# Impossible d'ouvrir les PDF avec Firefox 12.0



## Bernini (1 Mai 2012)

Bonjour,

Jusqu'à présent, je n'avais aucun problème pour ouvrir un document PDF avec Firefox. Je pense qu'en raison d'une mise à niveau, il m'est désormais impossible d'ouvrir un document PDF. Lorsque je clique sur un lien menant vers un PDF, la page reste blanche. J'aimerais bien non seulement retrouver la capacité de lire le PDF dans le navigateur, mais aussi pouvoir l'enregistrer sous ce format sur mon Mac.

Merci d'avance pour vos réponses.


----------



## bompi (1 Mai 2012)

Il existe des plug-ins pour Firefox qui permettent de visualiser des PDF.


----------



## edd72 (1 Mai 2012)

En fait, avant: FF proposait la boite d'ouverture/téléchargement.
Maintenant, il tente d'ouvrir lui même l'objet application/pdf, ce qui se traduit par une page blanche.

J'imagine que Bernini ne veut pas de plugin de lecture dans le navigateur mais le comportement "comme avant".


----------



## subsole (1 Mai 2012)

Bonjour,
J'utilise Safari, comme cela je ne me pose pas la question. 
Sinon sur Lion, FF 12 après les avoir DL  automatiquement" ouvre les fichiers PDF avec Aperçu par défaut .


----------



## thebiglebowsky (1 Mai 2012)

Tu vas dans les préférences de Firefox - Applications - et pour les types de contenu faisant référence à Adobe ou pdf, tu choisis du côté des actions "utiliser Adobe Reader" ... chez moi ça a marché !
Bien entendu, j'avais au préalable téléchargé Adobe Reader !
J'espère que ca va marcher pour toi !


----------



## edd72 (1 Mai 2012)

Alternative (pourquoi Adobe Reader?? Aperçu -natif- lit les PDF): tu vas dans les modules complémentaires (shift+cmd+a) -> plugins -> et tu désactives Adobe Acrobat NPAPI Plugin
(tu as surement Acrobat d'installé -via Adobe CS5 ou autre- et donc ce plugin qui est la cause du soucis avec FF12)


----------



## icelander (3 Mai 2012)

thebiglebowsky a dit:


> Tu vas dans les préférences de Firefox - Applications - et pour les types de contenu faisant référence à Adobe ou pdf, tu choisis du côté des actions "utiliser Adobe Reader" ... chez moi ça a marché !
> Bien entendu, j'avais au préalable téléchargé Adobe Reader !
> J'espère que ca va marcher pour toi !



Moi aussi celà ne fonctionnait plus depuis les dernières versions de firefox.

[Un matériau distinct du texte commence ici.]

lemma correction_quadratic_form_bounds:
  shows "0 \<le> v \<bullet> (correction *v v)"
    and "v \<bullet> (correction *v v)
      \<le> sqrt (norm w) / sqrt (min_pos_eig z) * ((norm z + norm w) * (norm v)\<^sup>2)"
proof -
  define p where "p = P *v v"
  have norm_p: "(norm p)\<^sup>2 \<le> (norm v)\<^sup>2"
    using P_Pythagoras[of v] by (simp add: p_def)
  have "weight * (p \<bullet> (w *v p)) \<le> weight * (norm w * (norm p)\<^sup>2)"
    using abs_quadratic_form_le[of p w] weight_bounds(1) by (intro mult_left_mono) auto
  also have "\<dots> = (1 - weight) * (min_pos_eig z * (norm p)\<^sup>2)"
    using weight_bounds(3) by (metis mult.assoc)
  also have "\<dots> \<le> (1 - weight) * (p \<bullet> (z *v p))"
    using min_pos_eig_Rayleigh_bound(2)[OF psd_z z_nonzero] P_range weight_bounds(2)
    by (intro mult_left_mono) (auto simp: p_def)
  finally show "0 \<le> v \<bullet> (correction *v v)"
    by (simp add: correction_quadratic_form p_def)
  have "norm z * (norm p)\<^sup>2 \<le> (norm z + norm w) * (norm v)\<^sup>2"
    using norm_p by (intro mult_mono) auto
  then have "p \<bullet> (z *v p) \<le> (norm z + norm w) * (norm v)\<^sup>2"
    using abs_quadratic_form_le[of p z] by linarith
  then have "(1 - weight) * (p \<bullet> (z *v p))
      \<le> sqrt (norm w) / sqrt (min_pos_eig z) * ((norm z + norm w) * (norm v)\<^sup>2)"
    using weight_bounds(2,4) psd_quadratic_form_nonneg[OF psd_z, of p] by (intro mult_mono) auto
  moreover have "0 \<le> weight * (p \<bullet> (w *v p))"
    using weight_bounds(1) psd_quadratic_form_nonneg[OF psd_w] by simp
  ultimately show "v \<bullet> (correction *v v)
      \<le> sqrt (norm w) / sqrt (min_pos_eig z) * ((norm z + norm w) * (norm v)\<^sup>2)"
    by (simp add: correction_quadratic_form p_def)
qed

lemma psd_correction: "psd correction"
proof -
  have "sym_mat correction"
    unfolding correction_def using psd_z psd_w
    by (intro sym_mat_diff sym_mat_scaleR sym_mat_congruence sym_mat_add psd_imp_sym_mat)
  then show ?thesis
    using correction_quadratic_form_bounds(1) by (simp add: psd_def)
qed

lemma trace_z_w_pos: "0 < trace (z + w)"
  using trace_pos[OF psd_z z_nonzero] trace_nonneg[OF psd_w] by (simp add: trace_add)

lemma linear_retraction: "linear retraction"
  by (intro linearI)
    (simp_all add: retraction_def congruence_add congruence_scaleR trace_add trace_scaleR
      add_divide_distrib scaleR_add_left algebra_simps)

lemma psd_retraction:
  assumes "psd X"
  shows "psd (retraction X)"
proof -
  have "0 \<le> trace X / trace (z + w)"
    using trace_nonneg[OF assms] trace_z_w_pos by simp
  then show ?thesis
    unfolding retraction_def using assms weight_bounds(1) psd_correction
    by (intro psd_add psd_scaleR psd_congruence) auto
qed

lemma retraction_endpoint: "retraction (z + w) = z"
  using trace_z_w_pos by (simp add: retraction_def correction_def)

lemma trace_ratio_bounds:
  assumes "psd X" "psd (z + w - X)"
  shows "0 \<le> trace X / trace (z + w)" and "trace X / trace (z + w) \<le> 1"
  using trace_nonneg[OF assms(1)] trace_nonneg[OF assms(2)] trace_z_w_pos
  by (simp_all add: trace_sub)
lemma ornament_necklace_flip:
  assumes "1 \<le> i" "ornament l Om"
  shows "ornament l (image_mset (necklace_flip i) Om)"
    and "cv_type l (image_mset (necklace_flip i) Om) = cv_type l Om"
    and "num_barred (image_mset (necklace_flip i) Om) = num_barred Om"
    and "content (image_mset (necklace_flip i) Om) = content Om \<circ> flip i"
    and "image_mset (necklace_flip i) (image_mset (necklace_flip i) Om) = Om"
proof -
  have N: "\<And>N. N \<in># Om \<Longrightarrow> is_necklace l N" using assms(2) by (simp add: ornament_def)
  note stats = rep_necklace_flip_stats[OF assms(1) N]
  show "ornament l (image_mset (necklace_flip i) Om)"
    using N necklace_flip(1)[OF assms(1)] by (auto simp: ornament_def)
  show "cv_type l (image_mset (necklace_flip i) Om) = cv_type l Om"
    unfolding cv_type_def image_mset.compositionality by (rule image_mset_cong) (simp add: stats)
  show "num_barred (image_mset (necklace_flip i) Om) = num_barred Om"
    unfolding num_barred_def image_mset.compositionality
    by (rule arg_cong[where f = sum_mset], rule image_mset_cong) (simp add: stats)
  show "content (image_mset (necklace_flip i) Om) = content Om \<circ> flip i"
    unfolding content_def image_mset.compositionality comp_def fun_eq_iff
    by (intro allI arg_cong[where f = sum_mset] image_mset_cong) (simp add: stats)
  have "image_mset (necklace_flip i \<circ> necklace_flip i) Om = image_mset id Om"
    by (rule image_mset_cong) (simp add: necklace_flip_necklace_flip[OF assms(1) N])
  then show "image_mset (necklace_flip i) (image_mset (necklace_flip i) Om) = Om"
    by (simp add: image_mset.compositionality)
qed

lemma Q_coeff_comp_flip:
  assumes "1 \<le> i"
  shows "Q_coeff l lam k (\<alpha> \<circ> flip i) = Q_coeff l lam k \<alpha>"
proof -
  define A where "A \<beta> = {Om. ornament l Om \<and> cv_type l Om = lam \<and> num_barred Om = k \<and> content Om = \<beta>}"
    for \<beta>
  have "bij_betw (image_mset (necklace_flip i)) (A \<alpha>) (A (\<alpha> \<circ> flip i))"
  proof (rule bij_betw_byWitness[where f' = "image_mset (necklace_flip i)"])
    have "(\<alpha> \<circ> flip i) \<circ> flip i = \<alpha>" by (simp add: fun_eq_iff)
    then show "image_mset (necklace_flip i) ` A (\<alpha> \<circ> flip i) \<subseteq> A \<alpha>"
      using ornament_necklace_flip[OF assms] by (auto simp: A_def)
  qed (use ornament_necklace_flip[OF assms] in \<open>auto simp: A_def\<close>)
  then show ?thesis unfolding Q_coeff_def A_def[symmetric] by (simp add: bij_betw_same_card)
qed

lemma finite_content_support: "finite {u. content Om u \<noteq> 0}"
proof (rule finite_subset)
  show "{u. content Om u \<noteq> 0} \<subseteq> (\<Union>N\<in>set_mset Om. absv ` set (rep N))"
    by (auto simp: content_def filter_empty_conv)
qed simp

lemma Q_coeff_infinite_support:
  assumes "infinite {u. \<alpha> u \<noteq> 0}"
  shows "Q_coeff l lam k \<alpha> = 0"
proof -
  have "{Om. ornament l Om \<and> cv_type l Om = lam \<and> num_barred Om = k \<and> content Om = \<alpha>} = {}"
    using assms finite_content_support by blast
  then show ?thesis unfolding Q_coeff_def by (simp only: card.empty)
qed

section \<open>From adjacent transpositions to bijections\<close>

lemma comp_transpose_invariant_if_adjacent:
  fixes F :: "(nat \<Rightarrow> 'a) \<Rightarrow> 'b"
  assumes adjacent: "\<And>\<alpha> i. 1 \<le> i \<Longrightarrow> F (\<alpha> \<circ> transpose i (Suc i)) = F \<alpha>"
    and "1 \<le> a" "1 \<le> b"
  shows "F (\<alpha> \<circ> transpose a b) = F \<alpha>"
proof -
  have shifted: "F (\<alpha> \<circ> transpose a (a + d)) = F \<alpha>" if "1 \<le> a" for a d \<alpha>
    using that
  proof (induction d arbitrary: a \<alpha>)
    case (Suc d)
    show ?case
    proof (cases "d = 0")
      case True
      then have "a + Suc d = Suc a" by simp
      then show ?thesis using adjacent[OF Suc.prems, of \<alpha>] by (simp only:)
    next
      case False
      let ?t = "transpose a (Suc a)"
      have "transpose a (a + Suc d) = ?t \<circ> transpose (Suc a) (Suc a + d) \<circ> ?t"
        using False by (simp add: transpose_comp_triple)
      then have "F (\<alpha> \<circ> transpose a (a + Suc d)) = F (((\<alpha> \<circ> ?t) \<circ> transpose (Suc a) (Suc a + d)) \<circ> ?t)"
        by (simp add: comp_assoc)
      also have "\<dots> = F ((\<alpha> \<circ> ?t) \<circ> transpose (Suc a) (Suc a + d))"
        by (rule adjacent[OF Suc.prems])
      also have "\<dots> = F (\<alpha> \<circ> ?t)" by (rule Suc.IH) simp
      also have "\<dots> = F \<alpha>" by (rule adjacent[OF Suc.prems])
      finally show ?thesis .
    qed
  qed simp
  show ?thesis
  proof (cases "a \<le> b")
    case True
    then show ?thesis using shifted[OF assms(2), where d = "b - a"] by simp
  next
    case False
    then show ?thesis using shifted[OF assms(3), where d = "a - b"] by (simp add: transpose_commute)
  qed
qed
definition normalized_univalent :: "(complex \<Rightarrow> complex) \<Rightarrow> bool" where
  "normalized_univalent h \<longleftrightarrow>
     h analytic_on ball 0 1 \<and> h 0 = 0 \<and> deriv h 0 = 1 \<and> inj_on h (ball 0 1)"

definition inverse_extension :: "(complex \<Rightarrow> complex) \<Rightarrow> (complex \<Rightarrow> complex) \<Rightarrow> bool" where
  "inverse_extension f g \<longleftrightarrow>
     g analytic_on ball 0 1 \<and> inj_on g (ball 0 1) \<and>
     (\<forall>z\<in>ball 0 1. f z \<in> ball 0 1 \<longrightarrow> g (f z) = z)"

definition bi_univalent :: "(complex \<Rightarrow> complex) \<Rightarrow> bool" where
  "bi_univalent f \<longleftrightarrow> normalized_univalent f \<and> (\<exists>g. inverse_extension f g)"

definition ruscheweyh :: "nat \<Rightarrow> (complex \<Rightarrow> complex) \<Rightarrow> complex \<Rightarrow> complex" where
  "ruscheweyh \<delta> h z = z + (\<Sum>k. if 2 \<le> k then
      complex_of_real (Gamma (real (\<delta> + k)) / (Gamma (real k) * Gamma (real \<delta> + 1)))
        * coeff0 h k * z ^ k else 0)"

text \<open>The quotient p(z)/z with its removable singularity at 0 filled in (p(0)=0).\<close>
definition quot_z :: "(complex \<Rightarrow> complex) \<Rightarrow> complex \<Rightarrow> complex" where
  "quot_z p z = (if z = 0 then deriv p 0 else p z / z)"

Merci beaucoup, grace à ta solution tout est rentré dans l'ordre


----------



## Jules Durondin (24 Janvier 2013)

thebiglebowsky a dit:


> Tu vas dans les préférences de Firefox - Applications - et pour les types de contenu faisant référence à Adobe ou pdf, tu choisis du côté des actions "utiliser Adobe Reader" ... chez moi ça a marché !
> Bien entendu, j'avais au préalable téléchargé Adobe Reader !
> J'espère que ca va marcher pour toi !



Salut à tous,

J'ai le même problème, j'ai essayé cette manip' mais aucun contenu ne fait référence à Adobe ou à du PDF dans le menu "Application".

Quelqu'un aurait une idée, je suis un peu désespéré là, d'autant que ce sont des documents pour des cours que je dois télécharger.

D'avance merci.

Jules


----------